Records to use:
# # #

lemma nfst_eq_sum: "nfst z = (\<Sum>a<Suc z. if \<exists>b<Suc z. npair a b = z then a else 0)"
proof -
  obtain a0 b0 where "prod_decode z = (a0, b0)"
    by fastforce
  then have z: "z = npair a0 b0"
    by (metis npair_def prod_decode_inverse)
  moreover have "a0 \<le> z" "b0 \<le> z"
    using npair_eq_imp_le[OF z[symmetric]] by simp_all
  ultimately have "(\<exists>b<Suc z. npair a b = z) \<longleftrightarrow> a = a0" for a
    by auto
  then have "(\<Sum>a<Suc z. if \<exists>b<Suc z. npair a b = z then a else 0) = (\<Sum>a<Suc z. if a = a0 then a else 0)"
    by (intro sum.cong) auto
  also have "\<dots> = a0" using \<open>a0 \<le> z\<close> by simp
  finally show ?thesis using z by simp
qed

lemma nsnd_eq_sum: "nsnd z = (\<Sum>b<Suc z. if \<exists>a<Suc z. npair a b = z then b else 0)"
proof -
  obtain a0 b0 where "prod_decode z = (a0, b0)"
    by fastforce
  then have z: "z = npair a0 b0"
    by (metis npair_def prod_decode_inverse)
  moreover have "a0 \<le> z" "b0 \<le> z"
    using npair_eq_imp_le[OF z[symmetric]] by simp_all
  ultimately have "(\<exists>a<Suc z. npair a b = z) \<longleftrightarrow> b = b0" for b
    by auto
  then have "(\<Sum>b<Suc z. if \<exists>a<Suc z. npair a b = z then b else 0) = (\<Sum>b<Suc z. if b = b0 then b else 0)"
    by (intro sum.cong) auto
  also have "\<dots> = b0" using \<open>b0 \<le> z\<close> by simp
  finally show ?thesis using z by simp
qed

# # #

Task to carry out: In the data above, which lines include "close"? Return those lines.

Task result:
  also have "\<dots> = a0" using \<open>a0 \<le> z\<close> by simp
  also have "\<dots> = b0" using \<open>b0 \<le> z\<close> by simp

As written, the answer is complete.